В Аббенае не было яда: это был ничем не украшенный город, яркий, с светлыми и жесткими красками, с чистым воздухом. В нем было тихо. Он лежал перед человеком открыто, был виден весь, отчетливо, как рассыпанная соль.
Ничего не было скрыто.
Площади, низкие строения, неогороженные рабочие дворы кипели энергией и деятельностью. Проходя мимо них, Шевек все время ощущал, что кругом — люди; они гуляли, работали, разговаривали; он видел лица прохожих, слышал голоса, которые окликали, болтали, пели, видел людей, которые что-то делали, были чем-то заняты. Фасады мастерских и заводов выходили на площади или на открытые рабочие дворы, и двери их были открыты. Проходя мимо стекольного завода, он увидел, как рабочий зачерпнул громадным ковшом расплавленное стекло так же небрежно, как кухарка разливает суп. Рядом был двор, где делали пенокаменное литье для строительства; бригадир, крупная женщина в белом от пыли рабочем халате, громко командовала работой, великолепно подбирая выражения. За литейным двором шли: маленькая проволочная мастерская, районная прачечная, мастерская по изготовлению и ремонту музыкальных инструментов, районный распределитель мелкого ширпотреба, театр, черепичная фабрика. Было страшно интересно смотреть на работу, кипевшую всюду, большей частью на полном виду. Повсюду были дети, некоторые работали вместе со взрослыми, другие путались под ногами — лепили куличики некоторые затевали на улице игры, одна девочка сидела на крыше учебного центра, уткнув нос в книгу.
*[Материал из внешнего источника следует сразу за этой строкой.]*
(* For every first-order formula $\varphi(x,y)$ over the signature $\sigma=\{E,<,A_1,\dots,A_m\}$, where $E$ and $<$ are binary and $A_1,\dots,A_m$ are unary, there is a directed graph $G$ consisting of a single directed path and a linear order $<$ on its vertices such that for all sets $A_1,\dots,A_m$ of nodes of $G$ there are nodes $u,v_1,v_2$ with $(G,<,A_1,\dots,A_m)\models\varphi(u,v_1)\leftrightarrow\varphi(u,v_2)$, while $v_2$ is reachable from $u$ in $G$ and $v_1$ is not.
   Context: Reachability means existence of a directed path along edges of $E$. *)

theory Defs
  imports Main
begin

datatype fo =
    FEq nat nat
  | FEdge nat nat
  | FLess nat nat
  | FPred nat nat   (* FPred i x : x is in A_i *)
  | FFalse
  | FNeg fo
  | FConj fo fo
  | FDisj fo fo
  | FEx nat fo
  | FAll nat fo

fun fv :: "fo \<Rightarrow> nat set" where
  "fv (FEq x y) = {x, y}"
| "fv (FEdge x y) = {x, y}"
| "fv (FLess x y) = {x, y}"
| "fv (FPred i x) = {x}"
| "fv FFalse = {}"
| "fv (FNeg p) = fv p"
| "fv (FConj p q) = fv p \<union> fv q"
| "fv (FDisj p q) = fv p \<union> fv q"
| "fv (FEx x p) = fv p - {x}"
| "fv (FAll x p) = fv p - {x}"

fun preds :: "fo \<Rightarrow> nat set" where
  "preds (FPred i x) = {i}"
| "preds (FNeg p) = preds p"
| "preds (FConj p q) = preds p \<union> preds q"
| "preds (FDisj p q) = preds p \<union> preds q"
| "preds (FEx x p) = preds p"
| "preds (FAll x p) = preds p"
| "preds _ = {}"

fun sat :: "'a set \<Rightarrow> ('a \<times> 'a) set \<Rightarrow> ('a \<times> 'a) set \<Rightarrow> (nat \<Rightarrow> 'a set)
             \<Rightarrow> (nat \<Rightarrow> 'a) \<Rightarrow> fo \<Rightarrow> bool" where
  "sat V E L A s (FEq x y) = (s x = s y)"
| "sat V E L A s (FEdge x y) = ((s x, s y) \<in> E)"
| "sat V E L A s (FLess x y) = ((s x, s y) \<in> L)"
| "sat V E L A s (FPred i x) = (s x \<in> A i)"
| "sat V E L A s FFalse = False"
| "sat V E L A s (FNeg p) = (\<not> sat V E L A s p)"
| "sat V E L A s (FConj p q) = (sat V E L A s p \<and> sat V E L A s q)"
| "sat V E L A s (FDisj p q) = (sat V E L A s p \<or> sat V E L A s q)"
| "sat V E L A s (FEx x p) = (\<exists>a\<in>V. sat V E L A (s(x := a)) p)"
| "sat V E L A s (FAll x p) = (\<forall>a\<in>V. sat V E L A (s(x := a)) p)"

definition is_dipath_graph :: "'a set \<Rightarrow> ('a \<times> 'a) set \<Rightarrow> bool" where
  "is_dipath_graph V E \<longleftrightarrow>
     (\<exists>p. p \<noteq> [] \<and> distinct p \<and> set p = V \<and>
          E = {(p ! i, p ! Suc i) | i. Suc i < length p})"

definition is_strict_linorder_on :: "'a set \<Rightarrow> ('a \<times> 'a) set \<Rightarrow> bool" where
  "is_strict_linorder_on V L \<longleftrightarrow> L \<subseteq> V \<times> V \<and> strict_linear_order_on V L"

text \<open>phi(u,v): variable 0 is x, variable 1 is y.\<close>
definition sat2 :: "'a set \<Rightarrow> ('a \<times> 'a) set \<Rightarrow> ('a \<times> 'a) set \<Rightarrow> (nat \<Rightarrow> 'a set)
             \<Rightarrow> fo \<Rightarrow> 'a \<Rightarrow> 'a \<Rightarrow> bool" where
  "sat2 V E L A phi u v = sat V E L A (\<lambda>i. if i = 0 then u else v) phi"

end

theory Submission
  imports Defs "HOL-Library.FSet"
begin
Мастер, изготовлявший проволоку, украсил фасад мастерской веселым и затейливым узором из виноградных лоз, сделанным из раскрашенной проволоки. Из широко открытых дверей прачечной с необычайной силой вырвались клубы пара и обрывки разговора. Запертых дверей не было совсем, закрытых — немного. Ничто не маскировалось, ничто не старалось привлечь к себе внимание. Все — вся работа, вся жизнь города — было на виду, все было открыто взгляду и прикосновению. А по Вокзальной Улице время от времени, громко звеня в звонок, проносилась какая-то штука, вагон, битком набитый людьми; люди гроздьями висели и на наружных стойках; старухи от души ругались, когда вагон не замедлял хода на остановках, не давая им сойти; за вагоном отчаянно гнался маленький мальчик на самодельном трехколесном велосипеде; на перекрестках с проводов голубым дождем сыпались электрические искры — словно эта тихая напряженная жизненная энергия улиц время от времени накапливалась до как ого-то предела — и разряжалась, с треском, голубой вспышкой и запахом озона. Это были аббенайские омнибусы, и когда они проезжали мимо Шевека, ему хотелось кричать «Ура».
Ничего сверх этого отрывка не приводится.